Unless I'm missing something, of course, and there's some sort of wordplay involved that's just going over my head.

[Eric James Stone]

In fact the highest I think you could go would be 10% if that.

No, it's quite easy to go over 10%.  Just consider the numbers from 0 to 99:

0 1 2 4 5 6 7 8 9
10 11 12 14 15 16 17 18 19
20 21 22 24 25 26 27 28 29
40 41 42 44 45 46 47 48 49
50 51 52 54 55 56 57 58 59
60 61 62 64 65 66 67 68 69
70 71 72 74 75 76 77 78 79
80 81 82 84 85 86 87 88 89
90 91 92 94 95 96 97 98 99

3 13 23 30 31 32 33 34 34
36 37 38 39 43 53 63 73 83
93

19 out of 100 numbers have a 3 in them, which is 19%.  And the percentage keeps getting higher as you add more digits.

[Firemeboy]

19 out of 100 numbers have a 3 in them, which is 19%.  And the percentage keeps getting higher as you add more digits.

 

It's a mathematical game.  You are right, the higher you get, the more numbers that contain 3 you find.  Since infinity has no end, you can argue that the percentage of numbers that has three in them must also be rising, and eventually you will reach %100.

But not really.  Percentage deals with a finite number, and infinity, as the name implies, is not finite.  So it's like an unmovable object meeting an unstoppable force.  You can't have both of them in the same universe.  They are incompatible.

I guess I shouldn't have use the word 'prove' so loosely.  You cetainly can't prove it, but you could argue it.

[Eric James Stone]

You cetainly can't prove it, but you could argue it.

Oh, yes.  I could argue just about anything.

[Firemeboy]

If you wanted to show this mathematically, you could say that the percentage of numbers with a 3 in them can be expressed as 1 - (.9)^n where n equals the number of digits.  When you hit about 42 digits, 99 percent of the numbers have a three in them.

So, if you have 1-(.9)^(infinity), then you would have 1, or one hundred percent.

[Legion]

Yes the percents increase from10% to 19% to 27.1% when you go from 10 numbers to 100 number to 1,000 numbers and it increases again when you go to 10,000 (I am not doing the math to figure that out sorry guys).  But every time it increase the amount it increases get smaller, by the time it reaches the amount it is increasing is going down exponentially.  It starts off with big jumps but will soon get to so small of a jump that it is uncalcuable.  There for you can never really make it to 100%.

[Legion]

If you wanted to show this mathematically, you could say that the percentage of numbers with a 3 in them can be expressed as 1 - (.9)^n where n equals the number of digits.  When you hit about 42 digits, 99 percent of the numbers have a three in them.

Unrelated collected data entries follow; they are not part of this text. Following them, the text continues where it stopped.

definition tridiag :: "nat \<Rightarrow> real fps mat" where
  "tridiag n = mat n n (\<lambda>(i,j). if i = j then 1
                           else if i = Suc j \<or> j = Suc i then - fps_X else 0)"

definition Fmat :: "nat \<Rightarrow> real fps mat" where
  "Fmat n = (THE F. F \<in> carrier_mat n n \<and> tridiag n * F = 1\<^sub>m n \<and> F * tridiag n = 1\<^sub>m n)"

text \<open>D_n and B_n, (n-1) x n matrices; with 0-based indices r = 0..n-2:
  (D_n)_{r,r+1} = 1; (B_n)_{r,r} = (B_n)_{r,r+1} = 1.\<close>
definition Dmat :: "nat \<Rightarrow> real fps mat" where
  "Dmat n = mat (n - 1) n (\<lambda>(r,c). if c = Suc r then 1 else 0)"

definition Bmat :: "nat \<Rightarrow> real fps mat" where
  "Bmat n = mat (n - 1) n (\<lambda>(r,c). if c = r \<or> c = Suc r then 1 else 0)"

definition chain_prod :: "(nat \<Rightarrow> real fps mat) \<Rightarrow> nat \<Rightarrow> real fps mat" where
  "chain_prod G k = foldl (\<lambda>A n. A * G n * Fmat n) (1\<^sub>m 1) [2..<k+2]"

definition gf_row :: "(int \<times> int) set \<Rightarrow> nat \<Rightarrow> real fps mat" where
  "gf_row S k = mat 1 (k+1) (\<lambda>(_,i). walk_gf S (k - i, i))"

end

(*
  Group the points of N^2 by their level x + y. The steps (-1,1) and (1,-1) stay on a level
  and the other steps of B and D climb one level, so cutting off the last step of a walk shows
  that the row g_(k+1) of generating functions along level k+1 satisfies
  g_(k+1) = t g_(k+1) A + t g_k G, where A is the adjacency matrix of the path formed by
  level k+1 and G records the climbing steps (G = B_(k+2), resp. D_(k+2)). Since 1 - t A is
  the tridiagonal matrix inverted by F_(k+2), this is g_(k+1) = t g_k G F_(k+2), and the
  formula follows by induction from g_0 = (1).
*)
theory Submission
  imports Defs "Jordan_Normal_Form.Determinant"
begin

definition step_vec :: "nat \<times> nat \<Rightarrow> nat \<times> nat \<Rightarrow> int \<times> int" where
  "step_vec q p = (int (fst p) - int (fst q), int (snd p) - int (snd q))"

definition walks :: "(int \<times> int) set \<Rightarrow> nat \<Rightarrow> nat \<times> nat \<Rightarrow> (nat \<times> nat) list set" where
  "walks S n p = {ps. length ps = Suc n \<and> ps ! 0 = (0,0) \<and> ps ! n = p \<and>
      (\<forall>m<n. step_vec (ps ! m) (ps ! Suc m) \<in> S)}"

definition predecessors :: "(int \<times> int) set \<Rightarrow> nat \<times> nat \<Rightarrow> (nat \<times> nat) set" where
  "predecessors S p = {q. step_vec q p \<in> S}"

lemma num_walks_eq_card_walks: "num_walks S n p = card (walks S n p)"
  by (simp add: num_walks_def walks_def step_vec_def)

lemma walks_0: "walks S 0 p = (if p = (0,0) then {[(0,0)]} else {})"
  by (auto simp: walks_def length_Suc_conv)

lemma walks_Suc:
  "walks S (Suc n) p = (\<Union>q\<in>predecessors S p. (\<lambda>ps. ps @ [p]) ` walks S n q)"
proof (intro equalityI subsetI)
  fix ps assume ps: "ps \<in> walks S (Suc n) p"
  then have len: "length ps = Suc (Suc n)" by (simp add: walks_def)
  then have nonempty: "ps \<noteq> []" by auto
  have "last ps = p"
    using ps len last_conv_nth[OF nonempty] by (simp add: walks_def)
  with nonempty have split: "ps = butlast ps @ [p]"
    by (metis append_butlast_last_id)
  have "butlast ps \<in> walks S n (ps ! n)" "ps ! n \<in> predecessors S p"
    using ps len by (auto simp: walks_def predecessors_def nth_butlast)
  then show "ps \<in> (\<Union>q\<in>predecessors S p. (\<lambda>ps. ps @ [p]) ` walks S n q)"
    using split by blast
next
  fix ps assume "ps \<in> (\<Union>q\<in>predecessors S p. (\<lambda>ps. ps @ [p]) ` walks S n q)"
  then obtain q qs where "q \<in> predecessors S p" "qs \<in> walks S n q" "ps = qs @ [p]"
    by blast
  then show "ps \<in> walks S (Suc n) p"
    by (auto simp: walks_def predecessors_def nth_append less_Suc_eq)
qed

lemma finite_predecessors:
  assumes "finite S"
  shows "finite (predecessors S p)"
proof (rule inj_on_finite)
  show "inj_on (\<lambda>q. step_vec q p) (predecessors S p)"
    by (auto simp: inj_on_def step_vec_def prod_eq_iff)
qed (use assms in \<open>auto simp: predecessors_def\<close>)

lemma finite_walks: "finite S \<Longrightarrow> finite (walks S n p)"
  by (induction n arbitrary: p) (simp_all add: walks_0 walks_Suc finite_predecessors)

lemma num_walks_0: "num_walks S 0 p = (if p = (0,0) then 1 else 0)"
  by (simp add: num_walks_eq_card_walks walks_0)

lemma num_walks_Suc:
  assumes "finite S"
  shows "num_walks S (Suc n) p = (\<Sum>q\<in>predecessors S p. num_walks S n q)"
proof -
  have "num_walks S (Suc n) p = (\<Sum>q\<in>predecessors S p. card ((\<lambda>ps. ps @ [p]) ` walks S n q))"
    unfolding num_walks_eq_card_walks walks_Suc
  proof (rule card_UN_disjoint)
    show "finite (predecessors S p)" by (rule finite_predecessors[OF assms])
    show "\<forall>q\<in>predecessors S p. finite ((\<lambda>ps. ps @ [p]) ` walks S n q)"
      by (simp add: finite_walks[OF assms])
  qed (auto simp: walks_def)
  also have "\<dots> = (\<Sum>q\<in>predecessors S p. num_walks S n q)"
    by (simp add: num_walks_eq_card_walks card_image inj_on_def)
  finally show ?thesis .
qed

lemma walk_gf_eq:
  assumes "finite S"
  shows "walk_gf S p = (if p = (0,0) then 1 else 0) + fps_X * (\<Sum>q\<in>predecessors S p. walk_gf S q)"
proof (rule fps_ext)
  fix n show "fps_nth (walk_gf S p) n =
      fps_nth ((if p = (0,0) then 1 else 0) + fps_X * (\<Sum>q\<in>predecessors S p. walk_gf S q)) n"
    by (cases n) (simp_all add: walk_gf_def num_walks_0 num_walks_Suc[OF assms] fps_sum_nth)
qed

lemma smult_smult_mat: "a \<cdot>\<^sub>m (b \<cdot>\<^sub>m A) = (a * b) \<cdot>\<^sub>m (A :: 'a :: semigroup_mult mat)"
  by (rule eq_matI) (simp_all add: mult.assoc)

lemma one_smult_mat: "1 \<cdot>\<^sub>m A = (A :: 'a :: monoid_mult mat)"
  by (rule eq_matI) simp_all

lemma ex1_inverse_mat_if_det_invertible:
  fixes A :: "'a :: comm_ring_1 mat"
  assumes A: "A \<in> carrier_mat n n" and d: "d * det A = 1"
  shows "\<exists>!B. B \<in> carrier_mat n n \<and> A * B = 1\<^sub>m n \<and> B * A = 1\<^sub>m n"
proof
  define B where "B = d \<cdot>\<^sub>m adj_mat A"
  have adj: "adj_mat A \<in> carrier_mat n n"
    by (rule adj_mat(1)[OF A])
  have B: "B \<in> carrier_mat n n"
    using adj by (simp add: B_def)
  have "A * B = d \<cdot>\<^sub>m (A * adj_mat A)"
    using mult_smult_distrib[OF A adj] by (simp add: B_def)
  also have "\<dots> = 1\<^sub>m n"
    using adj_mat(2)[OF A] d by (simp add: smult_smult_mat one_smult_mat)
  finally have AB: "A * B = 1\<^sub>m n" .
  have "B * A = d \<cdot>\<^sub>m (adj_mat A * A)"
    using mult_smult_assoc_mat[OF adj A] by (simp add: B_def)
  also have "\<dots> = 1\<^sub>m n"
    using adj_mat(3)[OF A] d by (simp add: smult_smult_mat one_smult_mat)
  finally have BA: "B * A = 1\<^sub>m n" .
  show "B \<in> carrier_mat n n \<and> A * B = 1\<^sub>m n \<and> B * A = 1\<^sub>m n"
    using B AB BA by simp
  fix C assume C: "C \<in> carrier_mat n n \<and> A * C = 1\<^sub>m n \<and> C * A = 1\<^sub>m n"
  have "C = C * (A * B)"
    using C AB right_mult_one_mat[of C n n] by simp
  also have "\<dots> = (C * A) * B"
    using C A B by (metis assoc_mult_mat)
  also have "\<dots> = B"
    using C B by (metis left_mult_one_mat)
  finally show "C = B" .
qed

interpretation fps_constant_coeff: comm_ring_hom "\<lambda>f :: 'a :: comm_ring_1 fps. fps_nth f 0"
  by unfold_locales simp_all

lemma tridiag_carrier: "tridiag n \<in> carrier_mat n n"
  by (simp add: tridiag_def)

lemma fps_nth_det_tridiag_0: "fps_nth (det (tridiag n)) 0 = 1"
proof -
  have "map_mat (\<lambda>f. fps_nth f 0) (tridiag n) = 1\<^sub>m n"
    by (rule eq_matI) (auto simp: tridiag_def)
  then show ?thesis
    using fps_constant_coeff.hom_det[of "tridiag n"] by simp
qed

lemma Fmat: "Fmat n \<in> carrier_mat n n" "tridiag n * Fmat n = 1\<^sub>m n"
proof -
  have "inverse (det (tridiag n)) * det (tridiag n) = 1"
    by (rule inverse_mult_eq_1) (simp add: fps_nth_det_tridiag_0)
  from theI'[OF ex1_inverse_mat_if_det_invertible[OF tridiag_carrier this]]
  show "Fmat n \<in> carrier_mat n n" "tridiag n * Fmat n = 1\<^sub>m n"
    unfolding Fmat_def by simp_all
qed

lemma chain_prod_0: "chain_prod G 0 = 1\<^sub>m 1"
  by (simp add: chain_prod_def)

lemma chain_prod_Suc: "chain_prod G (Suc k) = chain_prod G k * G (k + 2) * Fmat (k + 2)"
  by (simp add: chain_prod_def)

lemma chain_prod_carrier:
  assumes "\<And>k. G (k + 2) \<in> carrier_mat (Suc k) (k + 2)"
  shows "chain_prod G k \<in> carrier_mat 1 (Suc k)"
proof (induction k)
  case (Suc k)
  then show ?case
    using assms[of k] Fmat(1)[of "k + 2"] by (simp add: chain_prod_Suc)
qed (simp add: chain_prod_0)

lemma rows_eq_chain_prod:
  assumes G: "\<And>k. G (k + 2) \<in> carrier_mat (Suc k) (k + 2)"
    and R: "\<And>k. R k \<in> carrier_mat 1 (Suc k)"
    and R_0: "R 0 = 1\<^sub>m 1"
    and R_Suc: "\<And>k. R (Suc k) * tridiag (k + 2) = fps_X \<cdot>\<^sub>m (R k * G (k + 2))"
  shows "R k = fps_X ^ k \<cdot>\<^sub>m chain_prod G k"
proof (induction k)
  case 0
  show ?case
    using R_0 by (simp add: chain_prod_0 one_smult_mat)
next
  case (Suc k)
  have C: "chain_prod G k \<in> carrier_mat 1 (Suc k)"
    by (rule chain_prod_carrier[OF G])
  have CG: "chain_prod G k * G (k + 2) \<in> carrier_mat 1 (k + 2)"
    using C G[of k] by (rule mult_carrier_mat)
  have "R (Suc k) = R (Suc k) * (tridiag (k + 2) * Fmat (k + 2))"
    using R[of "Suc k"] Fmat(2)[of "k + 2"] by simp
  also have "\<dots> = (R (Suc k) * tridiag (k + 2)) * Fmat (k + 2)"
    using R[of "Suc k"] tridiag_carrier[of "k + 2"] Fmat(1)[of "k + 2"] by simp
  also have "\<dots> = (fps_X \<cdot>\<^sub>m ((fps_X ^ k \<cdot>\<^sub>m chain_prod G k) * G (k + 2))) * Fmat (k + 2)"
    by (simp only: R_Suc Suc.IH)
  also have "\<dots> = (fps_X * fps_X ^ k) \<cdot>\<^sub>m (chain_prod G k * G (k + 2) * Fmat (k + 2))"
    by (simp only: mult_smult_assoc_mat[OF C G[of k]] smult_smult_mat
        mult_smult_assoc_mat[OF CG Fmat(1)])
  finally show ?case
    by (simp add: chain_prod_Suc)
qed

So, if you have 1-(.9)^(infinity), then you would have 1, or one hundred percent.

This is very similar math thought that is behind the fact that you can prove 1 is equal to 1 or that 1/3 + 2/3 does not equal 1.  It has a lot to do with rounding errors and generalizing

[The Holy Saint, Grand High Poobah, Master of Monkeys, Ehlers]

you would argue it and lose quite badly. There are several ways to disprove it. The least of which is showing the number 1.

A percentage is an expression of a comparison, a way to show a decimal or a fraction. You can have a decimal following a percentage, so you could have 99.9999 (repeating). You can have 100% if you round, but that's it.

The percentage of 3 in them increases as you increase the number of digits true, but the rate at which it increases DEcreases. Of one-digit number (0-9) 10% have three. Of 2 digit numbers, 19 percent do. Of three digit numbers, it's (i think) 27.1%. so jumping from to 1 to 2 digit numbers, the rate increases by 9%, but only increases by 8.1% when you go from 2 to 3 digit numbers. Thus you can get Ifinitely close to 100%, but you will never actually reach it.

Draw it graphically, it makes a curve, always bending away from 100% as it gets closer.

[Firemeboy]

Actually, .99999999 (ad infinitum) = 1.  With no rounding needed.

[The Holy Saint, Grand High Poobah, Master of Monkeys, Ehlers]

0.9 repeating may be as close to 1 as to make no difference in any real world calculation, but it is *not* actually 1.